Spanish oil and gas major Repsol, which produced renewable hydrogen using biomethane as a raw material for the first time earlier this month, increased its targets for renewable generation and emission reductions. The company said it was increasing “investments in the 2021-2025 period to €19.3 billion, allocating an additional €1 billion over the period of the Strategic Plan to step up its renewable electricity generation capacity and production of renewable hydrogen, as well as other low-carbon initiatives.” Repsol plans to produce 552 MW equivalent of renewable hydrogen in 2025, and 1.9 GW in 2030. The company said it would achieve its objectives through the installation of electrolyzers and biogas production plants at its industrial complexes, as well as the development of photoelectrocatalysis technology. “This technology is a joint development of Repsol and Enagas, and a demonstration plant will be installed at the Puertollano industrial complex in 2025 to obtain hydrogen directly from water using solar energy,” the company said. Repsol announced earlier this week that it had produced 10 tons of renewable hydrogen from 500 MWh of biomethane at its Cartagena Industrial Complex.

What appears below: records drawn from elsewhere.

lemma norm_piece_le:
  assumes "0 \<le> p" "p \<le> 1" "f \<in> Hinf" "z \<in> DD"
  shows "cmod (piece p i f z) \<le> hnorm f / (real (piece_level i))^2"
proof -
  have "real (piece_level i) ^ 2 \<le> cmod (of_nat (piece_level i) + z) ^ 2"
    using of_nat_le_norm_add_DD[OF assms(4)] by (intro power_mono) auto
  moreover have "cmod (piece_weight p i) * cmod (f (piece_map i z)) \<le> 1 * hnorm f"
    using assms by (intro mult_mono norm_piece_weight_le norm_le_hnorm hnorm_nonneg) auto
  moreover have "cmod (piece p i f z)
      = cmod (piece_weight p i) * cmod (f (piece_map i z)) / cmod (of_nat (piece_level i) + z) ^ 2"
    by (simp add: piece_def norm_mult norm_divide norm_power)
  ultimately show ?thesis
    using piece_level_ge[of i] hnorm_nonneg[OF assms(3)] by (simp add: frac_le)
qed

lemma summable_inverse_piece_level_sq: "summable (\<lambda>i. 1 / (real (piece_level i))^2)"
proof (rule summable_comparison_test')
  have "summable (\<lambda>i. inverse (real (Suc i) ^ 2))"
    using inverse_power_summable[of 2] by (subst summable_Suc_iff) simp
  then show "summable (\<lambda>i. 4 * inverse (real (Suc i) ^ 2))"
    by (rule summable_mult)
  fix i :: nat
  have "real (Suc i) \<le> 2 * real (piece_level i)"
    by (simp add: piece_level_def)
  then have "real (Suc i) ^ 2 \<le> 4 * real (piece_level i) ^ 2"
    using power_mono[of "real (Suc i)" "2 * real (piece_level i)" 2] by (simp add: power_mult_distrib)
  then show "norm (1 / (real (piece_level i))^2) \<le> 4 * inverse (real (Suc i) ^ 2)"
    using piece_level_ge[of i] by (simp add: field_simps)
qed

lemma A_op_eq_suminf_piece:
  assumes "0 \<le> p" "p \<le> 1" "f \<in> Hinf" "z \<in> DD"
  shows "A_op p f z = (\<Sum>i. piece p i f z)"
proof -
  have "summable (\<lambda>i. piece p i f z)"
    by (rule summable_comparison_test'[OF summable_mult[OF summable_inverse_piece_level_sq, of "hnorm f"]])
       (use norm_piece_le[OF assms] in simp)
  then have "(\<lambda>j. \<Sum>i\<in>{j * 2..<j * 2 + 2}. piece p i f z) sums (\<Sum>i. piece p i f z)"
    by (rule sums_group[OF summable_sums]) simp
  moreover have "(\<Sum>i\<in>{j * 2..<j * 2 + 2}. piece p i f z) = branch_term p (j + 2) f z" for j
    using branch_term_eq_piece_pair[of p j f z] by (simp add: numeral_2_eq_2 mult.commute)
  ultimately show ?thesis
    using assms(4) by (simp add: A_op_def sums_iff)
qed

definition taylor_functional :: "nat \<Rightarrow> nat \<Rightarrow> (complex \<Rightarrow> complex) \<Rightarrow> complex" where
  "taylor_functional i k f = (deriv ^^ k) f (piece_centre i) / fact k * of_real (piece_radius i) ^ k"

definition taylor_atom :: "real \<Rightarrow> nat \<Rightarrow> nat \<Rightarrow> complex \<Rightarrow> complex" where
  "taylor_atom p i k z =
     (if z \<in> DD then piece_weight p i * ((piece_map i z - piece_centre i) / of_real (piece_radius i)) ^ k
        / (of_nat (piece_level i) + z)^2 else 0)"

lemma norm_taylor_functional_le:
  assumes "f \<in> Hinf"
  shows "cmod (taylor_functional i k f) \<le> hnorm f"
proof -
  have hol: "f holomorphic_on cball (piece_centre i) (piece_radius i)"
    using Hinf_holomorphic[OF assms] cball_piece_centre_subset_DD by (rule holomorphic_on_subset)
  have "cmod ((deriv ^^ k) f (piece_centre i)) \<le> fact k * hnorm f / piece_radius i ^ k"
    using hol piece_radius_pos[of i] norm_le_hnorm[OF assms]
    by (intro Cauchy_inequality holomorphic_on_imp_continuous_on)
       (auto intro: holomorphic_on_subset[OF hol ball_subset_cball])
  then show ?thesis
    using piece_radius_pos[of i]
    by (simp add: taylor_functional_def norm_mult norm_divide norm_power field_simps)
qed

lemma lin_functional_taylor_functional: "lin_functional (taylor_functional i k)"
proof -
  have "piece_centre i \<in> DD"
    using cball_piece_centre_subset_DD[of i] piece_radius_pos[of i] by auto
  moreover have "open DD" by (simp add: DD_def)
  ultimately show ?thesis
    unfolding lin_functional_def taylor_functional_def
    by (auto simp: higher_deriv_add[OF Hinf_holomorphic Hinf_holomorphic] field_simps
        higher_deriv_cmult[OF Hinf_holomorphic])
qed

lemma norm_taylor_atom_le:
  assumes "0 \<le> p" "p \<le> 1"
  shows "cmod (taylor_atom p i k z) \<le> (2/3)^k / (real (piece_level i))^2"
proof (cases "z \<in> DD")
  case True
  have "cmod (((piece_map i z - piece_centre i) / of_real (piece_radius i)) ^ k) \<le> (2/3)^k"
    unfolding norm_power using norm_piece_ratio_le[OF True] by (intro power_mono) auto
  moreover have "real (piece_level i) ^ 2 \<le> cmod (of_nat (piece_level i) + z) ^ 2"
    using of_nat_le_norm_add_DD[OF True] by (intro power_mono) auto
  moreover have "cmod (taylor_atom p i k z) = cmod (piece_weight p i)
      * cmod (((piece_map i z - piece_centre i) / of_real (piece_radius i)) ^ k)
      / cmod (of_nat (piece_level i) + z) ^ 2"
    using True by (simp add: taylor_atom_def norm_mult norm_divide norm_power)
  ultimately have "cmod (taylor_atom p i k z) \<le> 1 * (2/3)^k / (real (piece_level i))^2"
    using norm_piece_weight_le[OF assms, of i] piece_level_ge[of i]
    by (simp only:) (intro frac_le mult_mono; simp)
  then show ?thesis by simp
qed (simp add: taylor_atom_def)

lemma taylor_atom_Hinf:
  assumes "0 \<le> p" "p \<le> 1"
  shows "taylor_atom p i k \<in> Hinf"
proof (rule HinfI)
  have "of_nat (piece_level i) + z \<noteq> 0" if "z \<in> DD" for z
    using of_nat_le_norm_add_DD[OF that, of "piece_level i"] piece_level_ge[of i] by auto
  then have "(\<lambda>z. piece_weight p i * ((piece_map i z - piece_centre i) / of_real (piece_radius i)) ^ k
      / (of_nat (piece_level i) + z)^2) holomorphic_on DD"
    by (cases "even i") (auto simp: piece_map_def intro!: holomorphic_intros)
  then show "taylor_atom p i k holomorphic_on DD"
    by (rule holomorphic_transform) (simp add: taylor_atom_def)
  show "cmod (taylor_atom p i k z) \<le> (2/3)^k / (real (piece_level i))^2" for z
    using assms by (rule norm_taylor_atom_le)
  show "taylor_atom p i k z = 0" if "z \<notin> DD" for z
    using that by (simp add: taylor_atom_def)
qed

lemma taylor_atom_sums:
  assumes "f \<in> Hinf" "z \<in> DD"
  shows "(\<lambda>k. taylor_functional i k f * taylor_atom p i k z) sums piece p i f z"
proof -
  let ?c = "piece_centre i" and ?r = "piece_radius i" and ?w = "piece_map i z"
  let ?a = "piece_weight p i / (of_nat (piece_level i) + z)^2"
  have "f holomorphic_on ball ?c ?r"
    using Hinf_holomorphic[OF assms(1)] cball_piece_centre_subset_DD ball_subset_cball
    by (blast intro: holomorphic_on_subset)
  then have "(\<lambda>k. (deriv ^^ k) f ?c / fact k * (?w - ?c) ^ k) sums f ?w"
    using piece_map_in_ball[OF assms(2)] by (rule holomorphic_power_series)
  then have "(\<lambda>k. ?a * ((deriv ^^ k) f ?c / fact k * (?w - ?c) ^ k)) sums (?a * f ?w)"
    by (rule sums_mult)
  moreover have "taylor_functional i k f * taylor_atom p i k z
      = ?a * ((deriv ^^ k) f ?c / fact k * (?w - ?c) ^ k)" for k
    using assms(2) piece_radius_pos[of i]
    by (simp add: taylor_functional_def taylor_atom_def power_divide mult_ac)
  ultimately show ?thesis
    by (simp add: piece_def)
qed

lemma summable_on_taylor_bound: "(\<lambda>(i, k). (2/3::real)^k / (real (piece_level i))^2) summable_on UNIV"
proof -
  have "((\<lambda>k. (2/3::real)^k / (real (piece_level i))^2) has_sum 3 / (real (piece_level i))^2) UNIV" for i
  proof (rule norm_summable_imp_has_sum)
    show "(\<lambda>k. (2/3::real)^k / (real (piece_level i))^2) sums (3 / (real (piece_level i))^2)"
      using sums_divide[OF geometric_sums[of "2/3::real"]] by simp
    then show "summable (\<lambda>k. norm ((2/3::real)^k / (real (piece_level i))^2))"
      by (simp add: sums_iff)
  qed
  moreover have "(\<lambda>i. 3 / (real (piece_level i))^2) summable_on UNIV"
    using summable_mult[OF summable_inverse_piece_level_sq, of 3]
    by (subst summable_on_UNIV_nonneg_real_iff) auto
  ultimately have "(\<lambda>(i, k). (2/3::real)^k / (real (piece_level i))^2) summable_on Sigma UNIV (\<lambda>_. UNIV)"
    by (intro summable_on_SigmaI) (auto simp: case_prod_beta)
  then show ?thesis by simp
qed

lemma nuclear_A_op:
  assumes "0 \<le> p" "p \<le> 1"
  shows "nuclear_on_Hinf (A_op p)"
proof (rule nuclear_on_HinfI)
  show "taylor_atom p i k \<in> Hinf" for i k
    using assms by (rule taylor_atom_Hinf)
  show "cmod (taylor_atom p i k z) \<le> (2/3)^k / (real (piece_level i))^2" for i k z
    using assms by (rule norm_taylor_atom_le)
  show "A_op p f z = (\<Sum>i. \<Sum>k. taylor_functional i k f * taylor_atom p i k z)" if "f \<in> Hinf" for f z
  proof (cases "z \<in> DD")
    case True
    then show ?thesis
      using A_op_eq_suminf_piece[OF assms that] taylor_atom_sums[OF that True] by (simp add: sums_iff)
  qed (simp add: A_op_def taylor_atom_def)
qed (use lin_functional_taylor_functional norm_taylor_functional_le summable_on_taylor_bound in auto)

theorem mainTheorem2:
  fixes p :: real
  assumes "0 < p" and "p < 1"
  shows "nuclear_on_Hinf (A_op p)
       \<and> (\<forall>f\<in>Hinf. B_op p f \<in> Hinf)
       \<and> (\<exists>J. (\<forall>f\<in>Hinf. J f \<in> Hinf)
              \<and> (\<forall>f\<in>Hinf. (\<lambda>z. J f z - B_op p (J f) z) = f)
              \<and> (\<forall>f\<in>Hinf. J (\<lambda>z. f z - B_op p f z) = f)
              \<and> (\<exists>C. \<forall>f\<in>Hinf. hnorm (J f) \<le> C * hnorm f))"
proof -
  have p: "0 \<le> p" "p \<le> 1" using assms by auto
  define s where "s = sqrt (1 - 5 * p / 9)"
  have s: "0 < s" "s < 1" "s^2 = 1 - 5 * p / 9"
    using assms by (auto simp: s_def)
  have decay: "cmod ((B_op p ^^ k) f z) \<le> 1 / s * s ^ k * hnorm f" if "f \<in> Hinf" for f k z
  proof (rule norm_funpow_le_of_two_step_contraction)
    show "cmod (B_op p g z) \<le> M" if "0 \<le> M" "\<And>w. cmod (g w) \<le> M" for g M z
      using that by (intro norm_B_op_le_sup[OF p]) auto
    show "cmod (B_op p (B_op p g) z) \<le> s^2 * M" if "0 \<le> M" "\<And>w. cmod (g w) \<le> M" for g M z
      unfolding s(3) using that by (intro norm_B_op_B_op_le[OF p]) auto
  qed (use s hnorm_nonneg[OF that] norm_le_hnorm[OF that] in auto)
  show ?thesis
  proof (intro conjI ballI)
    show "nuclear_on_Hinf (A_op p)"
      using p by (rule nuclear_A_op)
    show "B_op p f \<in> Hinf" if "f \<in> Hinf" for f
      using p that by (rule B_op_Hinf)
  qed (rule Neumann_series_inverse_Hinf[OF B_op_Hinf[OF p] B_op_diff B_op_suminf decay
        less_imp_le[OF s(1)] s(2)])
qed

end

South Africa’s integrated energy and chemical company Sasol signed a memorandum of agreement (MOA) with the Northern Cape Development Agency (NCEDA) to lead a feasibility study exploring the potential of Boegoebaai as an export hub for green hydrogen and ammonia. “The Boegoebaai ‘green hydrogen’ development has been designated a Strategic Integrated Project (SIP) in the South African National Development Plan and is located in the Namakwa Special Economic Zone (SEZ). The project’s location and classification as a SIP are key enablers to exploring Boegoebaai’s potential as a global green hydrogen hub,” the company wrote on Wednesday. It expects the feasibility study to take approximately 24 months. Sasol partnered with the Gauteng provincial government to leverage special economic zones and with the Industrial Development Corporation for joint funding. The focus should be on mobility for the local market and aviation for international markets. The project has the potential to produce 400 kilotons of hydrogen per annum, according to local media reports, which cited Priscillah Mabelane, Sasol's executive vice president for energy.

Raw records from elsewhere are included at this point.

(* Let $T\ge1$, let the label set be $\{0,1\}^T$ (so $k=2^T$, identified with $\{1,\dots,k\}$), and let $L_{Ham,T}(\hat y,y)=\frac1T\sum_{t=1}^T[\hat y_t\ne y_t]$ be the normalized Hamming loss, with quadratic surrogate $\Phi_{quad}(f,y)=\frac1{2k}\|f+L_{Ham,T}(:,y)\|_2^2$. If the scores are constrained to the column space $\mathcal{F}_{Ham,T}=\mathrm{span}(L_{Ham,T})$, then $$H_{\Phi_{quad},L_{Ham,T},\mathcal{F}_{Ham,T}}(\varepsilon)=\frac{\varepsilon^2}{8T},\qquad0\le\varepsilon\le1.$$
   Context: $\mathrm{pred}(f)$ is the smallest index maximizing $f_c$ (under the fixed identification of labels with $\{1,\dots,k\}$). For $q\in\Delta_k$: $\ell(f,q)=\sum_cq_cL(\mathrm{pred}(f),c)$, $\phi(f,q)=\sum_cq_c\Phi(f,c)$, $\delta\ell(f,q)=\ell(f,q)-\inf_{\hat f\in\mathcal{F}}\ell(\hat f,q)$, $\delta\phi(f,q)=\phi(f,q)-\inf_{\hat f\in\mathcal{F}}\phi(\hat f,q)$; calibration function $H_{\Phi,L,\mathcal{F}}(\varepsilon)=\inf\{\delta\phi(f,q):f\in\mathcal{F},q\in\Delta_k,\delta\ell(f,q)\ge\varepsilon\}$ ($+\infty$ if empty). *)

theory Defs
  imports "HOL-Analysis.Analysis"
begin

text \<open>Generic setting: labels are identified with the indices 0,...,k-1.
  A score vector is a function nat => real (only indices below k matter).
  L c c' is the loss of predicting c when the true label is c'.\<close>

definition pred :: "nat \<Rightarrow> (nat \<Rightarrow> real) \<Rightarrow> nat" where
  "pred k f = (LEAST c. c < k \<and> (\<forall>c'<k. f c' \<le> f c))"

definition prob_simplex :: "nat \<Rightarrow> (nat \<Rightarrow> real) set" where
  "prob_simplex k = {q. (\<forall>c<k. 0 \<le> q c) \<and> (\<Sum>c<k. q c) = 1}"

Australia’s Northern Territory government released its Renewable Hydrogen Master Plan to guide the development of a Northern Territory renewable hydrogen industry. “The Territory is well placed to position itself at the forefront of the developing renewable hydrogen industry with large areas of land, high solar irradiance, close proximity to export markets, and an established world-scale energy production and export industry,” the government said Thursday. The plan hinges on a two-step approach. The government first wants to support the early adoption of renewable hydrogen as a fuel source locally through transport corridors before scaling up to export it. It's also banking on large-scale geological storage. The Northern Territory represents around 15% of Australia’s total LNG production and export. It now wants to replicate, or even increase, this share of total Australian hydrogen production and export. “Darwin is the closest Australian capital city and deep sea port to key export markets such as Japan, Korea, China and Singapore,” reads the complete Master Plan.